Como no les había sido posible ponerse de acuerdo, a Vidal-Pellicorne le pareció conveniente intervenir.
—No crea. Todavía nos encontramos bajo el impacto de lo que hemos descubierto, lo confieso, e informar o no informar a la policía merecía reflexión, dadas las consecuencias de esa decisión para otras personas.
—Mmm..., no queda muy claro su discurso, señor... Vidal-Pellicorne. Es ése su nombre, ¿no?
La pronunciación era abominable, pero, de todas formas, fuera en francés o en inglés, el interesado ya estaba acostumbrado a eso.
—Más o menos. Que se acuerde de mi apellido ya es toda una hazaña.
—Le escucho, príncipe.
Alentado así a hablar, Aldo comenzó a reproducir la conversación entre Yuan Chang y una dama cuyo rostro les había sido imposible ver. En cuanto a su voz, joven y agradable, era la de una persona manifiestamente culta. Pero, al llegar a ese punto del relato, Warren lo interrumpió.
—No haga trampas conmigo. Estoy seguro de que la ha reconocido. ¿O bien me equivoco al sugerir que podría tratarse de lady Killrenan?

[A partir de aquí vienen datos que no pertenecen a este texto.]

(* For every fixed positive integer $c$, and for every positive integer $k$ large enough compared to $c$, there exists a tournament $T$ on $2k+c$ vertices such that $\mathrm{sinv}'_k(T) > \frac{1}{2}\log(2k+c) - \log(2c)$. In particular, for every fixed positive integer $c$, $m'_k(2k+c)$ is unbounded as $k\to\infty$.
   Context: Logarithms are to base 2. A tournament is an orientation of a complete graph. For a digraph $D$ and $X \subseteq V(D)$, inverting $X$ means reversing the direction of every arc of $D$ with both endvertices in $X$. A digraph $D$ is $k$-arc-strong if for every partition $(V_1,V_2)$ of $V(D)$ into nonempty sets there are at least $k$ arcs from $V_1$ to $V_2$. $\mathrm{sinv}'_k(D)$ is the minimum number of sets whose successive inversion transforms $D$ into a $k$-arc-strong digraph. For $n\ge 2k+1$, $m'_k(n)=\max\{\mathrm{sinv}'_k(T): T \text{ tournament of order } n\}$. *)

theory Defs
  imports Complex_Main
begin

definition tournament :: "'a set \<Rightarrow> ('a \<times> 'a) set \<Rightarrow> bool" where
  "tournament V A \<longleftrightarrow> finite V \<and> A \<subseteq> V \<times> V \<and> (\<forall>v. (v, v) \<notin> A) \<and>
     (\<forall>u\<in>V. \<forall>v\<in>V. u \<noteq> v \<longrightarrow> ((u, v) \<in> A \<longleftrightarrow> (v, u) \<notin> A))"

definition invert :: "('a \<times> 'a) set \<Rightarrow> 'a set \<Rightarrow> ('a \<times> 'a) set" where
  "invert A X = {(u, v) \<in> A. \<not> (u \<in> X \<and> v \<in> X)} \<union> {(v, u) | u v. (u, v) \<in> A \<and> u \<in> X \<and> v \<in> X}"

definition arc_strong :: "nat \<Rightarrow> 'a set \<Rightarrow> ('a \<times> 'a) set \<Rightarrow> bool" where
  "arc_strong k V A \<longleftrightarrow> (\<forall>V1. V1 \<subseteq> V \<and> V1 \<noteq> {} \<and> V1 \<noteq> V \<longrightarrow>
       card {(u, v) \<in> A. u \<in> V1 \<and> v \<in> V - V1} \<ge> k)"

definition sinv' :: "nat \<Rightarrow> 'a set \<Rightarrow> ('a \<times> 'a) set \<Rightarrow> nat" where
  "sinv' k V A = (LEAST m. \<exists>Xs. length Xs = m \<and> set Xs \<subseteq> Pow V \<and> arc_strong k V (foldl invert A Xs))"

text \<open>m'_k(n): maximum over tournaments of order n (vertex set {0..<n} w.l.o.g.).\<close>
definition m' :: "nat \<Rightarrow> nat \<Rightarrow> nat" where
  "m' k n = Max {sinv' k {0..<n} A | A. tournament {0..<n} A}"

end

theory Submission
  imports Defs
begin
lemma pDK_gt_dominates:
  assumes q: "norm q > 1" and p: "submult_seminorm q p"
  shows "\<exists>D K C. 1 \<le> D \<and> 1 \<le> D / norm q ^ K \<and> (\<forall>u\<in>Aq. p u \<le> C * pDK_gt q D K u)"
proof -
  have x: "0 < inverse (norm q)" "inverse (norm q) < 1" using q by (auto simp: inverse_less_1_iff)
  obtain D K C where D: "1 \<le> D" "1 \<le> D * inverse (norm q) ^ K"
      and bound: "\<And>k n. p (monomial k (- n)) \<le> C * trunc_weight (inverse (norm q)) D K k n"
    using twisted_submult_le_trunc_weight[OF x twisted_submult_reflect[OF twisted_submult_monomials[OF p]]]
      submult_seminorm_nonneg[OF p Aq_monomial] by blast
  have "p (monomial k n) \<le> C * trunc_weight (inverse (norm q)) D K k n" for k n
    using bound[of k "- n"] by (simp add: trunc_weight_uminus)
  then have "\<forall>u\<in>Aq. p u \<le> C * pDK_gt q D K u"
    using submult_seminorm_le_wnorm[OF p] by (simp add: pDK_gt_eq_wnorm)
  moreover have "1 \<le> D / norm q ^ K" using D(2) by (simp add: power_inverse divide_inverse)
  ultimately show ?thesis using D(1) by blast
qed

theorem mainTheorem16:
  fixes q :: complex
  assumes "q \<noteq> 0" and "norm q \<noteq> 1"
  shows "(norm q < 1 \<longrightarrow>
            (\<forall>D K. D \<ge> 1 \<and> D * norm q ^ K \<ge> 1 \<longrightarrow> submult_seminorm q (pDK_lt q D K)) \<and>
            (\<forall>p. submult_seminorm q p \<longrightarrow>
               (\<exists>D K C. D \<ge> 1 \<and> D * norm q ^ K \<ge> 1 \<and> (\<forall>u\<in>Aq. p u \<le> C * pDK_lt q D K u))))
       \<and> (norm q > 1 \<longrightarrow>
            (\<forall>D K. D \<ge> 1 \<and> D / norm q ^ K \<ge> 1 \<longrightarrow> submult_seminorm q (pDK_gt q D K)) \<and>
            (\<forall>p. submult_seminorm q p \<longrightarrow>
               (\<exists>D K C. D \<ge> 1 \<and> D / norm q ^ K \<ge> 1 \<and> (\<forall>u\<in>Aq. p u \<le> C * pDK_gt q D K u))))"
  using submult_seminorm_pDK_lt[OF assms(1)] pDK_lt_dominates[OF assms(1)]
    submult_seminorm_pDK_gt pDK_gt_dominates
  by (meson less_imp_le)

end
(* Consider the network SIS system $\dot x = (-D+B-XB)x$ on $\Xi_n$, where $B$ is irreducible, and suppose $\phi:=s(-D+B)>0$. Let $y\in\mathbb{R}^n$, $y>0$ (entrywise), satisfy $(-D+B)y=\phi y$ with $\max_i y_i=1$. For $\epsilon\in(0,1)$ define $\mathcal{M}_\epsilon=\{x\in\mathbb{R}^n:\ \epsilon y_i\le x_i\le 1\ \forall i\}$, with faces $P_i=\{x: x_i=\epsilon y_i,\ x_j\in[\epsilon y_j,1]\ \forall j\ne i\}$ and $Q_i=\{x: x_i=1,\ x_j\in[\epsilon y_j,1]\ \forall j\ne i\}$. Then there exists $\epsilon>0$ sufficiently small such that: (i) both $\mathcal{M}_\epsilon$ and its interior are positively invariant for the system; (ii) for each $i=1,\dots,n$, $-\dot x_i<0$ for all $x\in P_i$ and $\dot x_i<0$ for all $x\in Q_i$; (iii) for every $x(0)\in\partial\Xi_n\setminus\{0_n\}$ there is a finite $\bar\kappa>0$ with $x(\bar\kappa)\in\mathcal{M}_\epsilon$; and (iv) every equilibrium $x\in\Xi_n\setminus\{0_n\}$ of the system satisfies $x\in\operatorname{int}(\mathcal{M}_\epsilon)$.
   Context: Network SIS model: $n\ge2$, $D=\operatorname{diag}(d_1,\dots,d_n)$ with $d_i>0$, $B=(b_{ij})\in\mathbb{R}^{n\times n}$ entrywise nonnegative, $X=\operatorname{diag}(x_1,\dots,x_n)$; componentwise $\dot x_i=-d_ix_i+(1-x_i)\sum_j b_{ij}x_j$. $B$ irreducible is equivalent to the associated directed graph (edge from $j$ to $i$ iff $b_{ij}\neq 0$) being strongly connected. $\Xi_n=\{x\in\mathbb{R}^n: 0\le x_i\le 1\ \forall i\}$; $\partial\Xi_n$ is its boundary. For a square matrix $M$, $s(M)$ is the largest real part of its eigenvalues. Vector inequalities are entrywise. *)

theory Defs
  imports "HOL-Analysis.Analysis"
begin

definition diag_mat :: "real^'n \<Rightarrow> real^'n^'n" where
  "diag_mat d = (\<chi> i j. if i = j then d $ i else 0)"

definition eigenvalues_c :: "real^'n^'n \<Rightarrow> complex set" where
  "eigenvalues_c M = {z. det ((\<chi> i j. complex_of_real (M $ i $ j) - (if i = j then z else 0))
                              :: complex^'n^'n) = 0}"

La sorpresa de Morosini, que aún no había conseguido dar ese nombre que tan querido era a su nueva propietaria, fue mayúscula. En cuanto a Adalbert, abrió los ojos sin tratar de ocultar su asombro.
—¿Lo sabía?
—¿Que va a veces a Narrow Street? Naturalmente. Verá, es bastante corriente que personas de la buena sociedad frecuenten el garito de Yuan Chang, pero suelen ser hombres. Cuando va una mujer sola, establecemos cierta vigilancia.
—No muy eficaz, porque hace unas noches la agredieron.
—En efecto —dijo Warren sin alterarse—, pero fue socorrida tan raudamente por dos caballeros que toda intervención era superflua. Ahora, reanude la narración sobre unas nuevas bases; ganará en claridad.